Here’s food for thought . . . In Washington, D.C., Silicon Valley is covered “from A to Z.” Anna and Zoe, that is.

Last week, the Silicon Valley Leadership Group had the pleasure of hosting a small group CEO roundtable with Congresswoman Anna Eshoo.

The week prior, the Leadership Group held a similar roundtable with Congresswoman Zoe Lofgren.

For nearly two decades, Silicon Valley – in fact, much of America’s innovation economy – has been fortunate to have these two key leaders represent our priorities in the halls of the United States Congress.

Just how do they add value? Let me count the ways . . .

Anna is a senior member of the important House Energy and Commerce Committee. Its jurisdiction oversees roughly one-fifth of the U.S. economy. She is our point person on numerous issues of importance to Silicon Valley’s success.

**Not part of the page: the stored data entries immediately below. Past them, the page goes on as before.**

text \<open>Choosing \<open>M = (p + 1) ln (n + 1)\<close> in step \<open>n\<close>, the fresh mistakes \<open>exp (- M)\<close> are of lower
  order than \<open>n\<^sup>-\<^sup>p\<close>, while the factor \<open>1 - c M\<^sup>-\<^sup>k\<close> is eventually below \<open>(n / (n + 1))\<^sup>p\<close>.\<close>

lemma decay_faster_than_polynomial:
  fixes e :: "nat \<Rightarrow> real" and c k x0 p :: real
  assumes "c > 0" "k > 0" "p > 0"
    and bounded: "\<And>n. e n \<le> 1"
    and recursion: "\<And>n M. n \<ge> 1 \<Longrightarrow> M > x0 \<Longrightarrow> e (Suc n) \<le> exp (- M) + (1 - c * M powr (- k)) * e n"
  shows "\<exists>\<kappa> > 0. \<forall>t \<ge> 1. e t \<le> \<kappa> * real t powr (- p)"
proof -
  define M :: "real \<Rightarrow> real" where "M x = (p + 1) * ln (x + 1)" for x
  have "\<forall>\<^sub>F x in at_top. exp (- M x) + (1 - c * M x powr (- k)) * x powr (- p) \<le> (x + 1) powr (- p)
      \<and> M x > x0 \<and> c * M x powr (- k) \<le> 1"
    using assms(1-3) unfolding M_def minus_mult_left by (intro eventually_conj; real_asymp)
  from eventually_compose_filterlim[OF this filterlim_real_sequentially]
  obtain N where N: "\<And>n. n \<ge> N \<Longrightarrow>
      exp (- M n) + (1 - c * M n powr (- k)) * real n powr (- p) \<le> (real n + 1) powr (- p)
      \<and> M n > x0 \<and> c * M n powr (- k) \<le> 1"
    unfolding eventually_sequentially by blast
  define \<kappa> where "\<kappa> = max 1 (real (N + 1) powr p)"
  have "\<kappa> \<ge> 1"
    by (simp add: \<kappa>_def)
  have "e t \<le> \<kappa> * real t powr (- p)" if "t \<ge> 1" for t
    using that
  proof (induction t rule: nat_induct_at_least)
    case (Suc n)
    show ?case
    proof (cases "n \<ge> N")
      case True
      note P = N[OF True]
      have "e (Suc n) \<le> exp (- M n) + (1 - c * M n powr (- k)) * e n"
        using recursion[OF Suc.hyps] P by simp
      also have "\<dots> \<le> exp (- M n) + (1 - c * M n powr (- k)) * (\<kappa> * real n powr (- p))"
        using P Suc.IH by (intro add_left_mono mult_left_mono) auto
      also have "\<dots> \<le> \<kappa> * (exp (- M n) + (1 - c * M n powr (- k)) * real n powr (- p))"
        using \<open>\<kappa> \<ge> 1\<close> by (simp add: algebra_simps)
      also have "\<dots> \<le> \<kappa> * real (Suc n) powr (- p)"
        using P \<open>\<kappa> \<ge> 1\<close> by (intro mult_left_mono) (auto simp: add.commute)
      finally show ?thesis .
    next
      case False
      have "real (Suc n) powr p \<le> real (N + 1) powr p"
        using False \<open>p > 0\<close> by (intro powr_mono2) auto
      then have "1 \<le> \<kappa> * real (Suc n) powr (- p)"
        by (simp add: \<kappa>_def powr_minus field_simps)
      then show ?thesis
        using bounded[of "Suc n"] by linarith
    qed
  qed (use bounded[of 1] \<open>\<kappa> \<ge> 1\<close> in simp)
  then show ?thesis
    using \<open>\<kappa> \<ge> 1\<close> by (intro exI[of _ \<kappa>]) auto
qed
(* Let $q\in\mathbb{C}^*$ with $|q|>1$. Define the entire functions $\widetilde{E}_0(x)=1$ and, for $m\geq1$, $\widetilde{E}_m(x)=f_1(x)\exp\left(\sum_{k=1}^m\frac{x^k}{k(q^k-1)}\right)$, where $f_1(x)=\sum_{n\geq0}\frac{x^n}{(q;q)_n}$. Then there exist constants $C_1,C_2>0$ such that for all integers $m\geq0$ and all $x\in\mathbb{C}$ with $|x|\leq1$, $$|1-\widetilde{E}_m(x)|\leq C_1(C_2|x|)^{m+1}.$$
   Context: $(q;q)_0=1$ and $(q;q)_n=\prod_{k=1}^n(1-q^k)$ for $n\geq1$. *)

theory Defs
  imports "HOL-Analysis.Analysis"
begin

definition qpoch :: "complex \<Rightarrow> nat \<Rightarrow> complex" where
  "qpoch q n = (\<Prod>k=1..n. 1 - q ^ k)"

definition f1 :: "complex \<Rightarrow> complex \<Rightarrow> complex" where
  "f1 q x = (\<Sum>n. x ^ n / qpoch q n)"

definition Etilde :: "complex \<Rightarrow> nat \<Rightarrow> complex \<Rightarrow> complex" where
  "Etilde q m x = (if m = 0 then 1
     else f1 q x * exp (\<Sum>k=1..m. x ^ k / (of_nat k * (q ^ k - 1))))"

end

theory Submission
  imports Defs
begin

text \<open>
  The series \<open>f\<^sub>1\<close> satisfies \<open>f\<^sub>1(qy) = (1 - y) f\<^sub>1(y)\<close>, and
  \<open>L(y) = \<Sum>\<^sub>k\<^sub>\<ge>\<^sub>1 y\<^sup>k / (k (q\<^sup>k - 1))\<close> satisfies \<open>L(qy) - L(y) = -log (1 - y)\<close> for \<open>|y| < 1\<close>.
  Hence \<open>f\<^sub>1 exp L\<close> is invariant under \<open>x \<mapsto> x / q\<close> on the closed unit disc, and by
  continuity at \<open>0\<close> it is identically \<open>1\<close> there: \<open>f\<^sub>1 = exp (- L)\<close>. Consequently
  \<open>Etilde\<^sub>m = exp (- T\<^sub>m)\<close>, where \<open>T\<^sub>m\<close> is the tail of \<open>L\<close> after the \<open>m\<close>-th term, and
  \<open>T\<^sub>m\<close> is dominated by a geometric series of ratio \<open>|x| / |q|\<close> starting at exponent \<open>m + 1\<close>.
\<close>

lemma qpoch_Suc: "qpoch q (Suc n) = qpoch q n * (1 - q ^ Suc n)"
  unfolding qpoch_def by (simp add: prod.nat_ivl_Suc' mult.commute)

lemma norm_power_minus_one_ge:
  fixes q :: complex
  shows "norm q ^ k - 1 \<le> norm (q ^ k - 1)"
  using norm_triangle_ineq2[of "q ^ k" 1] by (simp add: norm_power)

lemma power_neq_one_if_norm_gt_one:
  fixes q :: complex
  assumes "norm q > 1" and "k > 0"
  shows "q ^ k \<noteq> 1"
  using one_less_power[OF assms] by (metis norm_one norm_power order.irrefl)

lemma summable_f1:
  assumes q: "norm q > 1"
  shows "summable (\<lambda>n. x ^ n / qpoch q n)"
proof -
  obtain N where N: "2 * norm x + 1 < norm q ^ N"
    using real_arch_pow[OF q] by blast
  have "norm (x ^ Suc n / qpoch q (Suc n)) \<le> 1/2 * norm (x ^ n / qpoch q n)" if "n \<ge> N" for n
  proof -
    from that have "norm q ^ N \<le> norm q ^ Suc n"
      using q by (intro power_increasing) auto
    then have big: "2 * norm x < norm (1 - q ^ Suc n)"
      using N norm_power_minus_one_ge[of q "Suc n"] by (simp add: norm_minus_commute)
    have "norm (x ^ Suc n / qpoch q (Suc n))
        = norm (x ^ n / qpoch q n) * (norm x / norm (1 - q ^ Suc n))"
      by (simp add: qpoch_Suc norm_mult norm_divide)
    also have "\<dots> \<le> norm (x ^ n / qpoch q n) * (1/2)"
      using big by (intro mult_left_mono) (auto simp: divide_simps)
    finally show ?thesis
      by simp
  qed
  then show ?thesis
    by (intro summable_ratio_test[where c = "1/2"]) auto
qed

lemma f1_mult_q:
  assumes q: "norm q > 1"
  shows "f1 q (q * y) = (1 - y) * f1 q y"
proof -
  define g where "g n = y ^ n / qpoch q n - (q * y) ^ n / qpoch q n" for n
  have g_sums: "g sums (f1 q y - f1 q (q * y))"
    unfolding g_def f1_def by (intro sums_diff summable_sums summable_f1[OF q])
  have "g (Suc n) = y * (y ^ n / qpoch q n)" for n
  proof -
    have "1 - q ^ Suc n \<noteq> 0"
      using power_neq_one_if_norm_gt_one[OF q, of "Suc n"] by auto
    moreover have "g (Suc n) = y ^ Suc n * (1 - q ^ Suc n) / (qpoch q n * (1 - q ^ Suc n))"
      unfolding g_def qpoch_Suc
      by (simp add: power_mult_distrib diff_divide_distrib right_diff_distrib)
    ultimately show ?thesis
      by simp
  qed
  then have "(\<lambda>n. g (Suc n)) sums (y * f1 q y)"
    unfolding f1_def using sums_mult[OF summable_sums[OF summable_f1[OF q]]] by simp
  moreover have "g 0 = 0"
    by (simp add: g_def)
  ultimately have "g sums (y * f1 q y)"
    by (simp add: sums_Suc_iff)
  with g_sums have "f1 q y - f1 q (q * y) = y * f1 q y"
    by (rule sums_unique2)
  then show ?thesis
    by (simp add: algebra_simps)
qed

lemma f1_0 [simp]: "f1 q 0 = 1"
  using powser_zero[of "\<lambda>n. 1 / qpoch q n"] by (simp add: f1_def qpoch_def)

lemma isCont_f1:
  assumes "norm q > 1"
  shows "isCont (f1 q) x"
proof -
  have "isCont (\<lambda>x. \<Sum>n. (1 / qpoch q n) * x ^ n) x"
    by (rule isCont_powser_converges_everywhere) (simp add: summable_f1[OF assms])
  then show ?thesis
    by (simp add: f1_def[abs_def])
qed

text \<open>The term for \<open>k = 0\<close> is \<open>1 / 0 = 0\<close>, so the series effectively starts at \<open>k = 1\<close>.\<close>

definition neg_log_f1_term :: "complex \<Rightarrow> complex \<Rightarrow> nat \<Rightarrow> complex" where
  "neg_log_f1_term q z k = z ^ k / (of_nat k * (q ^ k - 1))"

definition neg_log_f1 :: "complex \<Rightarrow> complex \<Rightarrow> complex" where
  "neg_log_f1 q z = (\<Sum>k. neg_log_f1_term q z k)"

lemma neg_log_f1_term_0 [simp]: "neg_log_f1_term q z 0 = 0"
  by (simp add: neg_log_f1_term_def)

lemma norm_neg_log_f1_term_le:
  assumes q: "norm q > 1"
  shows "norm (neg_log_f1_term q z k) \<le> norm q / (norm q - 1) * (norm z / norm q) ^ k"
proof (cases "k = 0")
  case False
  define a where "a = norm q"
  have a: "a > 1"
    using q by (simp add: a_def)
  have "a ^ k * (a - 1) / a \<le> a ^ k - 1"
  proof -
    have "1 \<le> a ^ (k - 1)"
      using a by simp
    also have "a ^ (k - 1) = a ^ k / a"
      using False a by (simp add: power_diff)
    finally show ?thesis
      using a by (simp add: field_simps)
  qed
  also have "\<dots> \<le> norm (q ^ k - 1)"
    using norm_power_minus_one_ge by (simp add: a_def)
  also have "\<dots> \<le> norm (of_nat k * (q ^ k - 1))"
    using False by (simp add: norm_mult mult_le_cancel_right1)
  finally have denom: "a ^ k * (a - 1) / a \<le> norm (of_nat k * (q ^ k - 1))" .
  have "norm (neg_log_f1_term q z k) = norm z ^ k / norm (of_nat k * (q ^ k - 1))"
    by (simp add: neg_log_f1_term_def norm_divide norm_power)
  also have "\<dots> \<le> norm z ^ k / (a ^ k * (a - 1) / a)"
    using denom a by (intro frac_le) auto
  also have "\<dots> = a / (a - 1) * (norm z / a) ^ k"
    using a by (simp add: field_simps power_divide)
  finally show ?thesis
    by (simp add: a_def)
qed (use q in simp)

lemma summable_neg_log_f1_term:
  assumes q: "norm q > 1" and z: "norm z < norm q"
  shows "summable (neg_log_f1_term q z)"
proof (rule summable_comparison_test)
  show "\<exists>N. \<forall>n\<ge>N. norm (neg_log_f1_term q z n) \<le> norm q / (norm q - 1) * (norm z / norm q) ^ n"
    using norm_neg_log_f1_term_le[OF q] by blast
  show "summable (\<lambda>n. norm q / (norm q - 1) * (norm z / norm q) ^ n)"
    using q z by (intro summable_mult summable_geometric) (simp add: divide_less_eq)
qed

lemma neg_log_f1_0 [simp]: "neg_log_f1 q 0 = 0"
  using powser_zero[of "\<lambda>k. 1 / (of_nat k * (q ^ k - 1))"]
  by (simp add: neg_log_f1_def neg_log_f1_term_def)

lemma isCont_neg_log_f1:
  assumes q: "norm q > 1" and x: "norm x < norm q"
  shows "isCont (neg_log_f1 q) x"
proof -
  define \<rho> where "\<rho> = (norm x + norm q) / 2"
  define K where "K = complex_of_real \<rho>"
  have "norm K = \<rho>"
    unfolding K_def norm_of_real by (simp add: \<rho>_def)
  then have K: "norm x < norm K" "norm K < norm q"
    using x by (simp_all add: \<rho>_def)
  have "summable (\<lambda>k. 1 / (of_nat k * (q ^ k - 1)) * K ^ k)"
    using summable_neg_log_f1_term[OF q K(2)] by (simp add: neg_log_f1_term_def[abs_def])
  then have "isCont (\<lambda>z. \<Sum>k. 1 / (of_nat k * (q ^ k - 1)) * z ^ k) x"
    using K(1) by (rule isCont_powser)
  then show ?thesis
    by (simp add: neg_log_f1_def[abs_def] neg_log_f1_term_def[abs_def])
qed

Zoe serves on the House Judiciary Committee, and is the Ranking Member on the Subcommittee that oversees immigration reform, and is our go-to leader on issues like patent reform and cybersecurity.

They are effective individually, work well together and with the rest of our Bay Area delegation. In fact, Zoe serves as the Chair of California’s Democrat Caucus, weekly pulling together 33 Congress members.

Anna is currently campaigning to become the Ranking Democrat on the Energy and Commerce Committee, a pivotal role which would make her even more influential in representing technology issues in Congress.

What makes them even more effective is their ability, and willingness, to often reach across the aisle to partner with members of the Republican Conference. Yes, smart politics also makes for sound policy. With Anna and Zoe, Silicon Valley gets both.